Liu, Yong yong.liu at intel.com
Thu Oct 24 10:29:04 CEST 2019


Thanks, Maxime. Just sent out v9. 

> -----Original Message-----
> From: Maxime Coquelin [mailto:maxime.coquelin at redhat.com]
> Sent: Thursday, October 24, 2019 4:25 PM
> To: Liu, Yong <yong.liu at intel.com>; Bie, Tiwei <tiwei.bie at intel.com>; Wang,
> Zhihong <zhihong.wang at intel.com>; stephen at networkplumber.org;
> gavin.hu at arm.com
> Cc: dev at dpdk.org
> Subject: Re: [PATCH v8 00/13] vhost packed ring performance optimization
> 
> 
> 
> On 10/24/19 9:18 AM, Liu, Yong wrote:
> >
> >
> >> -----Original Message-----
> >> From: Maxime Coquelin [mailto:maxime.coquelin at redhat.com]

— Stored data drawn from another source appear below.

lemma complement_exists:
  assumes "E \<subseteq> U" "U \<subseteq> span F" "finite F"
  obtains C where "C \<subseteq> U" "finite C" "card C = dim U - dim E" "U \<subseteq> span (E \<union> C)"
    "independent_mod scale (span E) C"
proof -
  obtain BE where BE: "BE \<subseteq> E" "independent BE" "E \<subseteq> span BE" "card BE = dim E"
    by (rule basis_exists)
  obtain BU where BU: "BE \<subseteq> BU" "BU \<subseteq> U" "independent BU" "U \<subseteq> span BU"
    using maximal_independent_subset_extend[of BE U] BE assms(1) by blast
  have fin: "finite BU"
    using independent_span_bound[OF assms(3) BU(3)] BU(2) assms(2) by auto
  have "card BU = dim U"
    using basis_card_eq_dim[OF BU(2,4,3)] .
  show ?thesis
  proof
    show "BU - BE \<subseteq> U" "finite (BU - BE)" using BU(2) fin by auto
    show "card (BU - BE) = dim U - dim E"
      using card_Diff_subset[OF finite_subset[OF BU(1) fin] BU(1)] \<open>card BU = dim U\<close> BE(4)
      by simp
    show "U \<subseteq> span (E \<union> (BU - BE))"
      using BU(4) BE(1) span_mono[of BU "E \<union> (BU - BE)"] by blast
    show "independent_mod scale (span E) (BU - BE)"
      unfolding independent_mod_def
    proof (intro allI impI ballI)
      fix c x assume c: "(\<Sum>b\<in>BU - BE. c b *s b) \<in> span E" and x: "x \<in> BU - BE"
      have finE: "finite BE" using finite_subset[OF BU(1) fin] .
      have "span E = span BE"
        using BE(1,3) span_superset by (auto simp: span_eq)
      then obtain u where u: "(\<Sum>b\<in>BU - BE. c b *s b) = (\<Sum>e\<in>BE. u e *s e)"
        using c unfolding span_finite[OF finE] by auto
      define w where "w b = (if b \<in> BE then - u b else c b)" for b
      have "(\<Sum>b\<in>BU. w b *s b) = (\<Sum>b\<in>BU - BE. c b *s b) - (\<Sum>e\<in>BE. u e *s e)"
        using sum.subset_diff[OF BU(1) fin, of "\<lambda>b. w b *s b"]
        by (simp add: w_def sum_negf)
      then have "(\<Sum>b\<in>BU. w b *s b) = 0" using u by simp
      then have "w x = 0" using BU(3) fin x unfolding dependent_finite[OF fin] by blast
      then show "c x = 0" using x by (simp add: w_def)
    qed
  qed
qed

> >> Sent: Thursday, October 24, 2019 2:50 PM
> >> To: Liu, Yong <yong.liu at intel.com>; Bie, Tiwei <tiwei.bie at intel.com>;
> Wang,
> >> Zhihong <zhihong.wang at intel.com>; stephen at networkplumber.org;
> >> gavin.hu at arm.com
> >> Cc: dev at dpdk.org
> >> Subject: Re: [PATCH v8 00/13] vhost packed ring performance optimization
> >>
> >> I get some checkpatch warnings, and build fails with clang.

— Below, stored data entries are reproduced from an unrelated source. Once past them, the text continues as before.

text \<open>G_k = g^{(k choose 2)}: G_k^{a,b}(x) = g(x^{a,b}); a is a generalized Condorcet
  winner at x if G_k^{a,b}(x) = 1 for all b \<noteq> a.\<close>
definition has_GCW :: "(bool list \<Rightarrow> bool) \<Rightarrow> nat \<Rightarrow> (nat \<Rightarrow> nat) list \<Rightarrow> bool" where
  "has_GCW g k xs \<longleftrightarrow> (\<exists>a<k. \<forall>b<k. b \<noteq> a \<longrightarrow> g (pref xs a b))"

definition GCW :: "(bool list \<Rightarrow> bool) \<Rightarrow> nat \<Rightarrow> nat \<Rightarrow> real" where
  "GCW g n k = real (card {xs \<in> profiles n k. has_GCW g k xs}) / real (card (profiles n k))"

end

theory Submission
  imports Defs
begin

(*
  Fix an alternative a and encode its contest against b as the sign
  s_b = +1 if g declares a above b and s_b = -1 otherwise.  Alternative a is a generalized Condorcet winner iff all k-1 signs
  are +1, i.e. its indicator is prod_b (1 + s_b)/2 = 2^-(k-1) * sum over subsets X of
  the products prod_{b in X} s_b.  Averaged over a uniform profile, the correlation of
  such a product depends only on |X| (relabelling the alternatives, and forgetting
  alternatives outside {a} and X, preserve the uniform distribution); call it
  moment j.  Reversing every ranking shows moment j = 0 for odd j, as g is odd.  Since
  g is odd there is at most one winner, so
      GCW(G_k) = k * 2^-(k-1) * sum_j (k-1 choose j) * moment j,
  and GCW(G_3), ..., GCW(G_6) are affine in moment 2 and moment 4 only; eliminating
  them gives both identities.
*)

definition uniform_mean :: "nat \<Rightarrow> nat \<Rightarrow> ((nat \<Rightarrow> nat) list \<Rightarrow> real) \<Rightarrow> real" where
  "uniform_mean n k F = (\<Sum>xs\<in>profiles n k. F xs) / real (card (profiles n k))"

lemma finite_linorders: "finite (linorders k)"
  unfolding linorders_def by (simp add: finite_permutations)

lemma finite_profiles: "finite (profiles n k)"
proof -
  have "profiles n k = {xs. set xs \<subseteq> linorders k \<and> length xs = n}"
    unfolding profiles_def by auto
  then show ?thesis using finite_lists_length_eq[OF finite_linorders] by simp
qed

lemma card_profiles_pos: "card (profiles n k) > 0"
proof -
  have "replicate n id \<in> profiles n k"
    unfolding profiles_def linorders_def by (auto simp: permutes_id)
  then show ?thesis using finite_profiles card_gt_0_iff by blast
qed

lemma profile_permutes: "xs \<in> profiles n k \<Longrightarrow> p \<in> set xs \<Longrightarrow> p permutes {..<k}"
  unfolding profiles_def linorders_def by auto

lemma length_profile: "xs \<in> profiles n k \<Longrightarrow> length xs = n"
  unfolding profiles_def by auto

lemma length_pref [simp]: "length (pref xs a b) = length xs"
  unfolding pref_def by simp

lemma uniform_mean_cong:
  "(\<And>xs. xs \<in> profiles n k \<Longrightarrow> F xs = G xs) \<Longrightarrow> uniform_mean n k F = uniform_mean n k G"
  unfolding uniform_mean_def by (simp cong: sum.cong)

lemma uniform_mean_const: "uniform_mean n k (\<lambda>_. c) = c"
  using card_profiles_pos[of n k] unfolding uniform_mean_def by simp

lemma uniform_mean_cmult: "uniform_mean n k (\<lambda>xs. c * F xs) = c * uniform_mean n k F"
  unfolding uniform_mean_def by (simp add: sum_distrib_left)

lemma uniform_mean_sum:
  "uniform_mean n k (\<lambda>xs. \<Sum>i\<in>I. F i xs) = (\<Sum>i\<in>I. uniform_mean n k (F i))"
  unfolding uniform_mean_def sum_divide_distrib[symmetric] by (subst sum.swap) simp

lemma uniform_mean_map_bij:
  assumes h: "bij_betw h (linorders k) (linorders k)"
  shows "uniform_mean n k (\<lambda>xs. F (map h xs)) = uniform_mean n k F"
proof -
  let ?h' = "inv_into (linorders k) h"
  have h': "bij_betw ?h' (linorders k) (linorders k)" by (rule bij_betw_inv_into[OF h])
  have "(\<Sum>xs\<in>profiles n k. F (map h xs)) = (\<Sum>xs\<in>profiles n k. F xs)"
  proof (rule sum.reindex_bij_witness[where i = "map ?h'" and j = "map h"])
    fix xs assume xs: "xs \<in> profiles n k"
    then have L: "set xs \<subseteq> linorders k" unfolding profiles_def by simp
    show "map ?h' (map h xs) = xs"
      using L bij_betw_inv_into_left[OF h] by (auto intro!: map_idI)
    show "map h (map ?h' xs) = xs"
      using L bij_betw_inv_into_right[OF h] by (auto intro!: map_idI)
    show "map h xs \<in> profiles n k" "map ?h' xs \<in> profiles n k"
      using xs L bij_betw_apply[OF h] bij_betw_apply[OF h'] by (auto simp: profiles_def)
  qed simp
  then show ?thesis unfolding uniform_mean_def by simp
qed

lemma bij_relabel:
  assumes \<sigma>: "\<sigma> permutes {..<k}"
  shows "bij_betw (\<lambda>p. p \<circ> \<sigma>) (linorders k) (linorders k)"
  by (rule bij_betw_byWitness[where f' = "\<lambda>p. p \<circ> inv \<sigma>"])
    (auto simp: linorders_def comp_assoc permutes_inv_o[OF \<sigma>]
      intro: permutes_compose[OF \<sigma>] permutes_compose[OF permutes_inv[OF \<sigma>]])

definition reverse_rank :: "nat \<Rightarrow> nat \<Rightarrow> nat" where
  "reverse_rank k r = (if r < k then k - 1 - r else r)"

lemma bij_reverse:
  "bij_betw (\<lambda>p. reverse_rank k \<circ> p) (linorders k) (linorders k)"
proof -
  have rev: "reverse_rank k permutes {..<k}"
    by (rule bij_imp_permutes, rule bij_betw_byWitness[where f' = "reverse_rank k"])
      (auto simp: reverse_rank_def)
  show ?thesis
    by (rule bij_betw_byWitness[where f' = "\<lambda>p. reverse_rank k \<circ> p"])
      (auto simp: linorders_def fun_eq_iff reverse_rank_def intro: permutes_compose[OF _ rev])
qed

lemma pref_reverse:
  assumes xs: "xs \<in> profiles n k" and ab: "a < k" "b < k" "a \<noteq> b"
  shows "pref (map (\<lambda>p. reverse_rank k \<circ> p) xs) a b = map Not (pref xs a b)"
  unfolding pref_def map_map o_def
proof (rule map_cong[OF refl])
  fix p assume "p \<in> set xs"
  then have p: "p permutes {..<k}" using profile_permutes xs by blast
  have "p a < k" "p b < k" using permutes_in_image[OF p] ab by auto
  moreover have "p a \<noteq> p b" using permutes_inj[OF p] ab(3) by (auto dest: injD)
  ultimately show "(reverse_rank k (p a) < reverse_rank k (p b)) = (\<not> p a < p b)"
    by (auto simp: reverse_rank_def)
qed

lemma pref_swap:
  assumes xs: "xs \<in> profiles n k" and ab: "a < k" "b < k" "a \<noteq> b"
  shows "pref xs b a = map Not (pref xs a b)"
  unfolding pref_def map_map o_def
proof (rule map_cong[OF refl])
  fix p assume "p \<in> set xs"
  then have p: "p permutes {..<k}" using profile_permutes xs by blast
  have "p a \<noteq> p b" using permutes_inj[OF p] ab(3) by (auto dest: injD)
  then show "(p b < p a) = (\<not> p a < p b)" by auto
qed

text \<open>Restriction of a linear order on k+1 alternatives to the first k alternatives,
  re-encoded as ranks in {..<k}: the new rank of x is the number of y < k ranked above x.\<close>
definition restrict_order :: "nat \<Rightarrow> (nat \<Rightarrow> nat) \<Rightarrow> nat \<Rightarrow> nat" where
  "restrict_order k p x = (if x < k then card {y. y < k \<and> p y < p x} else x)"

lemma restrict_order_less: "x < k \<Longrightarrow> restrict_order k p x < k"
proof -
  assume x: "x < k"
  have "card {y. y < k \<and> p y < p x} \<le> card ({..<k} - {x})" by (intro card_mono) auto
  also have "\<dots> < k" using x by simp
  finally show ?thesis using x by (simp add: restrict_order_def)
qed

lemma restrict_order_mono:
  assumes "x < k" "x' < k" "p x < p x'"
  shows "restrict_order k p x < restrict_order k p x'"
proof -
  have "{y. y < k \<and> p y < p x} \<subset> {y. y < k \<and> p y < p x'}" using assms by auto
  then have "card {y. y < k \<and> p y < p x} < card {y. y < k \<and> p y < p x'}"
    by (intro psubset_card_mono) auto
  then show ?thesis using assms by (simp add: restrict_order_def)
qed

lemma restrict_order_less_iff:
  assumes p: "inj p" and x: "x < k" "x' < k"
  shows "restrict_order k p x < restrict_order k p x' \<longleftrightarrow> p x < p x'"
proof -
  have "p x < p x' \<or> p x' < p x \<or> x = x'" using p by (metis injD linorder_neqE_nat)
  then show ?thesis using restrict_order_mono[OF x] restrict_order_mono[OF x(2,1)] by fastforce
qed

lemma restrict_order_permutes:
  assumes p: "inj p" shows "restrict_order k p permutes {..<k}"
proof (rule bij_imp_permutes)
  have img: "restrict_order k p ` {..<k} \<subseteq> {..<k}" using restrict_order_less by auto
  have inj: "inj_on (restrict_order k p) {..<k}"
    by (rule inj_onI) (use restrict_order_less_iff[OF p] in \<open>metis lessThan_iff
        linorder_neqE_nat less_irrefl injD[OF p]\<close>)
  show "bij_betw (restrict_order k p) {..<k} {..<k}"
    using endo_inj_surj[OF _ img inj] inj unfolding bij_betw_def by auto
qed (simp add: restrict_order_def)

lemma restrict_order_comp:
  assumes \<sigma>: "\<sigma> permutes {..<k}"
  shows "restrict_order k (p \<circ> \<sigma>) = restrict_order k p \<circ> \<sigma>"
proof
  fix x
  show "restrict_order k (p \<circ> \<sigma>) x = (restrict_order k p \<circ> \<sigma>) x"
  proof (cases "x < k")
    case True
    have "bij_betw \<sigma> {y. y < k \<and> p (\<sigma> y) < p (\<sigma> x)} {z. z < k \<and> p z < p (\<sigma> x)}"
      by (rule bij_betw_byWitness[where f' = "inv \<sigma>"])
        (use permutes_in_image[OF \<sigma>] permutes_inverses[OF \<sigma>]
          permutes_in_image[OF permutes_inv[OF \<sigma>]] in auto)
    then show ?thesis
      using True permutes_in_image[OF \<sigma>, of x]
      by (simp add: restrict_order_def bij_betw_same_card)
  qed (simp add: restrict_order_def permutes_not_in[OF \<sigma>])
qed

lemma restrict_order_linorders: "p \<in> linorders (Suc k) \<Longrightarrow> restrict_order k p \<in> linorders k"
  unfolding linorders_def using restrict_order_permutes permutes_inj by auto

text \<open>All fibres of restriction have the same size, since relabelling by q maps
  the fibre over the identity bijectively onto the fibre over q.\<close>
definition restrict_fiber :: "nat \<Rightarrow> (nat \<Rightarrow> nat) \<Rightarrow> (nat \<Rightarrow> nat) set" where
  "restrict_fiber k q = {p \<in> linorders (Suc k). restrict_order k p = q}"

lemma card_restrict_fiber:
  assumes q: "q \<in> linorders k"
  shows "card (restrict_fiber k q) = card (restrict_fiber k id)"
proof -
  have q': "q permutes {..<k}" using q unfolding linorders_def by simp
  have qS: "q permutes {..<Suc k}" "inv q permutes {..<Suc k}"
    using permutes_subset[OF q'] permutes_subset[OF permutes_inv[OF q']] by auto
  have "bij_betw (\<lambda>p. p \<circ> inv q) (restrict_fiber k q) (restrict_fiber k id)"
  proof (rule bij_betw_byWitness[where f' = "\<lambda>p. p \<circ> q"])
    show "(\<lambda>p. p \<circ> inv q) ` restrict_fiber k q \<subseteq> restrict_fiber k id"
    proof clarify
      fix p assume "p \<in> restrict_fiber k q"
      then have "p permutes {..<Suc k}" "restrict_order k p = q"
        by (auto simp: restrict_fiber_def linorders_def)
      then show "p \<circ> inv q \<in> restrict_fiber k id"
        using permutes_compose[OF qS(2)] permutes_inv_o[OF q']
        by (simp add: restrict_fiber_def linorders_def restrict_order_comp[OF permutes_inv[OF q']])
    qed
    show "(\<lambda>p. p \<circ> q) ` restrict_fiber k id \<subseteq> restrict_fiber k q"
      using permutes_compose[OF qS(1)]
      by (auto simp: restrict_fiber_def linorders_def restrict_order_comp[OF q'])
  qed (auto simp: comp_assoc permutes_inv_o[OF q'])
  then show ?thesis by (rule bij_betw_same_card)
qed

lemma card_lists_fiber:
  assumes L: "finite L"
  shows "card {xs. length xs = length ys \<and> set xs \<subseteq> L \<and> map f xs = ys}
         = (\<Prod>y\<leftarrow>ys. card {p \<in> L. f p = y})"
proof (induction ys)
  case Nil
  have "{xs. length xs = length [] \<and> set xs \<subseteq> L \<and> map f xs = []} = {[]}" by auto
  then show ?case by simp
next
  case (Cons y ys)
  let ?A = "{p \<in> L. f p = y}"
  let ?B = "{xs. length xs = length ys \<and> set xs \<subseteq> L \<and> map f xs = ys}"
  have "{xs. length xs = length (y # ys) \<and> set xs \<subseteq> L \<and> map f xs = y # ys}
      = (\<lambda>(p, xs). p # xs) ` (?A \<times> ?B)"
    by (auto simp: length_Suc_conv)
  moreover have "inj_on (\<lambda>(p, xs). p # xs) (?A \<times> ?B)" by (auto simp: inj_on_def)
  ultimately show ?case using Cons by (simp add: card_image card_cartesian_product)
qed

lemma card_profiles_fiber:
  assumes ys: "ys \<in> profiles n k"
  shows "card {xs \<in> profiles n (Suc k). map (restrict_order k) xs = ys}
       = card (restrict_fiber k id) ^ n"
proof -
  have "{xs \<in> profiles n (Suc k). map (restrict_order k) xs = ys}
      = {xs. length xs = length ys \<and> set xs \<subseteq> linorders (Suc k) \<and> map (restrict_order k) xs = ys}"
    using ys unfolding profiles_def by auto
  then have "card {xs \<in> profiles n (Suc k). map (restrict_order k) xs = ys}
      = (\<Prod>y\<leftarrow>ys. card (restrict_fiber k y))"
    using card_lists_fiber[OF finite_linorders] unfolding restrict_fiber_def by simp
  also have "\<dots> = (\<Prod>y\<leftarrow>ys. card (restrict_fiber k id))"
    using ys card_restrict_fiber by (intro arg_cong[where f = prod_list] map_cong)
      (auto simp: profiles_def)
  finally show ?thesis using ys by (simp add: map_replicate_const length_profile)
qed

> >> Could you please fix these issues and send v9?
> >>
> >
> >
> > Hi Maxime,
> > Clang build fails will be fixed in v9. For checkpatch warning, it was due
> to pragma string inside.
> > Previous version can avoid such warning, while format is a little messy
> as below.
> > I prefer to keep code clean and more readable. How about your idea?
> >
> > +#ifdef UNROLL_PRAGMA_PARAM
> > +#define VHOST_UNROLL_PRAGMA(param) _Pragma(param)
> > +#else
> > +#define VHOST_UNROLL_PRAGMA(param) do {} while (0);
> > +#endif
> >
> > +       VHOST_UNROLL_PRAGMA(UNROLL_PRAGMA_PARAM)
> > +       for (i = 0; i < PACKED_BATCH_SIZE; i++)
> 
> That's less clean indeed. I agree to waive the checkpatch errors.

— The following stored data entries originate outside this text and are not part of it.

lemma sym_group_4_inj_endo_is_conj:
  assumes hom: "\<beta> \<in> hom (sym_group 4) (sym_group 4)"
    and inj: "inj_on \<beta> {p. p permutes {1..4}}"
  shows "\<exists>g. g permutes {1..4} \<and> (\<forall>p. p permutes {1..4} \<longrightarrow> \<beta> p = g \<circ> p \<circ> inv' g)"
proof -
  interpret \<beta>: group_hom "sym_group 4" "sym_group 4" \<beta>
    using hom by (simp add: group_hom_def group_hom_axioms_def sym_group_is_group)
  have \<beta>_perm: "\<beta> p permutes {1..4}" if "p permutes {1..4}" for p
    using hom_in_carrier[OF hom] that by (simp add: sym_group_carrier)
  have \<beta>_comp: "\<beta> (p \<circ> q) = \<beta> p \<circ> \<beta> q" if "p permutes {1..4}" "q permutes {1..4}" for p q
    using hom_mult[OF hom] that by (simp add: sym_group_carrier sym_group_mult)
  have \<beta>_comp3: "\<beta> (p \<circ> q \<circ> r) = \<beta> p \<circ> \<beta> q \<circ> \<beta> r"
    if "p permutes {1..4}" "q permutes {1..4}" "r permutes {1..4}" for p q r
    using that by (simp add: \<beta>_comp permutes_compose)
  have \<beta>_id: "\<beta> id = id" using \<beta>.hom_one by (simp add: sym_group_one)
  have \<beta>_eq: "\<beta> p = \<beta> q \<longleftrightarrow> p = q" if "p permutes {1..4}" "q permutes {1..4}" for p q
    using inj that by (auto dest: inj_onD)
  have invol: "\<beta> s \<in> involutions4" if "s \<in> {s1, s2, s3}" for s
  proof (rule involution_in_involutions4)
    have s: "s permutes {1..4}" "s \<circ> s = id" "s \<noteq> id"
      using that generators_permute by (auto simp: id_eq_perm4)
    show "\<beta> s permutes {1..4}" using \<beta>_perm[OF s(1)] .
    show "\<beta> s \<circ> \<beta> s = id" using \<beta>_comp[OF s(1) s(1)] s(2) \<beta>_id by simp
    show "\<beta> s \<noteq> id" using \<beta>_eq[OF s(1) permutes_id] s(3) \<beta>_id by simp
  qed
  note s = generators_permute
  have "\<exists>g\<in>perms4. \<beta> s1 \<circ> g = g \<circ> s1 \<and> \<beta> s2 \<circ> g = g \<circ> s2 \<and> \<beta> s3 \<circ> g = g \<circ> s3"
  proof (rule coxeter_triple_conjugate)
    show "\<beta> s1 \<in> involutions4" "\<beta> s2 \<in> involutions4" "\<beta> s3 \<in> involutions4"
      using invol by simp_all
    show "\<beta> s1 \<noteq> \<beta> s2" "\<beta> s2 \<noteq> \<beta> s3" "\<beta> s1 \<noteq> \<beta> s3"
      using \<beta>_eq[OF s(1) s(2)] \<beta>_eq[OF s(2) s(3)] \<beta>_eq[OF s(1) s(3)] by simp_all
    show "\<beta> s1 \<circ> \<beta> s2 \<circ> \<beta> s1 = \<beta> s2 \<circ> \<beta> s1 \<circ> \<beta> s2"
      using \<beta>_comp3[OF s(1) s(2) s(1)] \<beta>_comp3[OF s(2) s(1) s(2)] by simp
    show "\<beta> s2 \<circ> \<beta> s3 \<circ> \<beta> s2 = \<beta> s3 \<circ> \<beta> s2 \<circ> \<beta> s3"
      using \<beta>_comp3[OF s(2) s(3) s(2)] \<beta>_comp3[OF s(3) s(2) s(3)] by simp
    show "\<beta> s1 \<circ> \<beta> s3 = \<beta> s3 \<circ> \<beta> s1"
      using \<beta>_comp[OF s(1) s(3)] \<beta>_comp[OF s(3) s(1)] by simp
  qed
  then obtain g where "g \<in> perms4"
    and g: "\<beta> s1 \<circ> g = g \<circ> s1" "\<beta> s2 \<circ> g = g \<circ> s2" "\<beta> s3 \<circ> g = g \<circ> s3"
    by blast
  then have g_perm: "g permutes {1..4}" using permutes_4_eq_perms4 by blast
  have conj: "\<beta> s = g \<circ> s \<circ> inv' g" if "\<beta> s \<circ> g = g \<circ> s" for s
  proof -
    have "\<beta> s = \<beta> s \<circ> (g \<circ> inv' g)" using permutes_inv_o(1)[OF g_perm] by simp
    then have "\<beta> s = \<beta> s \<circ> g \<circ> inv' g" by (simp only: o_assoc)
    then show ?thesis using that by simp
  qed
  have "\<beta> p = g \<circ> p \<circ> inv' g" if "p permutes {1..4}" for p
    by (rule sym_group_4_hom_eqI[OF sym_group_is_group hom conj_sym_group_hom[OF g_perm]])
      (use conj[OF g(1)] conj[OF g(2)] conj[OF g(3)] that in simp_all)
  with g_perm show ?thesis by blast
qed

definition perm_parity :: "(nat \<Rightarrow> nat) \<Rightarrow> int" where
  "perm_parity p = (if evenperm p then 0 else 1)"

lemma perm_parity_range: "perm_parity p \<in> {0, 1}"
  by (simp add: perm_parity_def)

lemma perm_parity_comp:
  assumes "p permutes {1..n}" "q permutes {1..n}"
  shows "perm_parity (p \<circ> q) = (perm_parity p + perm_parity q) mod 2"
  using evenperm_comp[OF permutes_imp_permutation permutes_imp_permutation, OF _ assms(1) _ assms(2)]
  by (auto simp: perm_parity_def)

lemma perm_parity_conj:
  assumes "g permutes {1..n}" "p permutes {1..n}"
  shows "perm_parity (g \<circ> p \<circ> inv' g) = perm_parity p"
proof -
  have perm: "permutation g" "permutation p" "permutation (inv' g)"
    using assms permutes_inv[OF assms(1)] by (auto intro: permutes_imp_permutation)
  then have "evenperm (g \<circ> p \<circ> inv' g) = ((evenperm g = evenperm p) = evenperm g)"
    by (simp add: evenperm_comp permutation_compose evenperm_inv)
  then show ?thesis by (auto simp: perm_parity_def)
qed

lemma perm_parity_generators: "perm_parity s1 = 1" "perm_parity s2 = 1" "perm_parity s3 = 1"
proof -
  have "s1 = Transposition.transpose 1 2" "s2 = Transposition.transpose 2 3"
    "s3 = Transposition.transpose 3 4"
    by (auto simp: fun_eq_iff transpose_def perm4_def)
  then show "perm_parity s1 = 1" "perm_parity s2 = 1" "perm_parity s3 = 1"
    by (simp_all add: perm_parity_def evenperm_swap)
qed

lemma scaled_parity_hom:
  assumes "e \<in> {0, 1}"
  shows "(\<lambda>p. e * perm_parity p) \<in> hom (sym_group n) (integer_mod_group 2)"
proof (rule homI)
  fix p assume "p \<in> carrier (sym_group n)"
  show "e * perm_parity p \<in> carrier (integer_mod_group 2)"
    using assms perm_parity_range[of p] by (auto simp: carrier_integer_mod_group_2)
next
  fix p q assume "p \<in> carrier (sym_group n)" "q \<in> carrier (sym_group n)"
  then have "perm_parity (p \<circ> q) = (perm_parity p + perm_parity q) mod 2"
    by (simp add: sym_group_carrier perm_parity_comp)
  then show "e * perm_parity (p \<otimes>\<^bsub>sym_group n\<^esub> q) =
      (e * perm_parity p) \<otimes>\<^bsub>integer_mod_group 2\<^esub> (e * perm_parity q)"
    using assms perm_parity_range[of p] perm_parity_range[of q]
    by (auto simp: sym_group_mult)
qed

text \<open>In the abelian group \<open>C\<^sub>2\<close> the braid relation between \<open>s\<^sub>i\<close> and \<open>s\<^sub>i\<^sub>+\<^sub>1\<close>
  forces equal values on them.\<close>

lemma sym_group_4_hom_C2:
  assumes hom: "\<delta> \<in> hom (sym_group 4) (integer_mod_group 2)"
  shows "\<exists>e\<in>{0, 1}. \<forall>p. p permutes {1..4} \<longrightarrow> \<delta> p = e * perm_parity p"
proof -
  have \<delta>_range: "\<delta> p \<in> {0, 1}" if "p permutes {1..4}" for p
    using hom_in_carrier[OF hom] that by (simp add: sym_group_carrier carrier_integer_mod_group_2)
  have \<delta>_comp: "\<delta> (p \<circ> q) = (\<delta> p + \<delta> q) mod 2" if "p permutes {1..4}" "q permutes {1..4}" for p q
    using hom_mult[OF hom] that by (simp add: sym_group_carrier sym_group_mult)
  have braid: "\<delta> p = \<delta> q"
    if "p permutes {1..4}" "q permutes {1..4}" "p \<circ> q \<circ> p = q \<circ> p \<circ> q" for p q
  proof -
    have "\<delta> (p \<circ> q \<circ> p) = \<delta> (q \<circ> p \<circ> q)" using that(3) by simp
    then show ?thesis
      using that(1,2) \<delta>_range[OF that(1)] \<delta>_range[OF that(2)] by (auto simp: \<delta>_comp permutes_compose)
  qed
  note s = generators_permute
  have s_eq: "\<delta> s2 = \<delta> s1" "\<delta> s3 = \<delta> s1"
    using braid[OF s(1) s(2)] braid[OF s(2) s(3)] by simp_all
  have "\<delta> p = \<delta> s1 * perm_parity p" if "p permutes {1..4}" for p
    by (rule sym_group_4_hom_eqI[OF group_integer_mod_group hom scaled_parity_hom[OF \<delta>_range[OF s(1)]]])
      (use s_eq that perm_parity_generators in simp_all)
  then show ?thesis using \<delta>_range[OF s(1)] by blast
qed

lemma carrier_Sym4xC2: "carrier Sym4xC2 = {p. p permutes {1..4}} \<times> {0, 1}"
  by (auto simp: Sym4xC2_def sym_group_def carrier_integer_mod_group_2)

> just fix the Clang build for patch 8 and we're good.
> 
> Thanks,
> Maxime
> 
> > Regards,
> > Marvin
> >
> >> Thanks,
> >> Maxime
> >>
> >> ### [PATCH] vhost: try to unroll for each loop
> >>
> >> WARNING:CAMELCASE: Avoid CamelCase: <_Pragma>
> >> #78: FILE: lib/librte_vhost/vhost.h:47:
> >> +#define vhost_for_each_try_unroll(iter, val, size) _Pragma("GCC unroll
> >> 4") \
> >>
> >> ERROR:COMPLEX_MACRO: Macros with complex values should be enclosed in
> >> parenthesis
> >> #78: FILE: lib/librte_vhost/vhost.h:47:
> >> +#define vhost_for_each_try_unroll(iter, val, size) _Pragma("GCC unroll
> >> 4") \
> >> +	for (iter = val; iter < size; iter++)
> >>
> >> ERROR:COMPLEX_MACRO: Macros with complex values should be enclosed in
> >> parenthesis
> >> #83: FILE: lib/librte_vhost/vhost.h:52:
> >> +#define vhost_for_each_try_unroll(iter, val, size) _Pragma("unroll 4")
> \
> >> +	for (iter = val; iter < size; iter++)
> >>
> >> ERROR:COMPLEX_MACRO: Macros with complex values should be enclosed in
> >> parenthesis
> >> #88: FILE: lib/librte_vhost/vhost.h:57:
> >> +#define vhost_for_each_try_unroll(iter, val, size) _Pragma("unroll (4)")
> \
> >> +	for (iter = val; iter < size; iter++)
> >>
> >> total: 3 errors, 1 warnings, 67 lines checked
> >>
> >> 0/1 valid patch/tmp/dpdk_build/lib/librte_vhost/virtio_net.c:2065:1:
> >> error: unused function 'free_zmbuf' [-Werror,-Wunused-function]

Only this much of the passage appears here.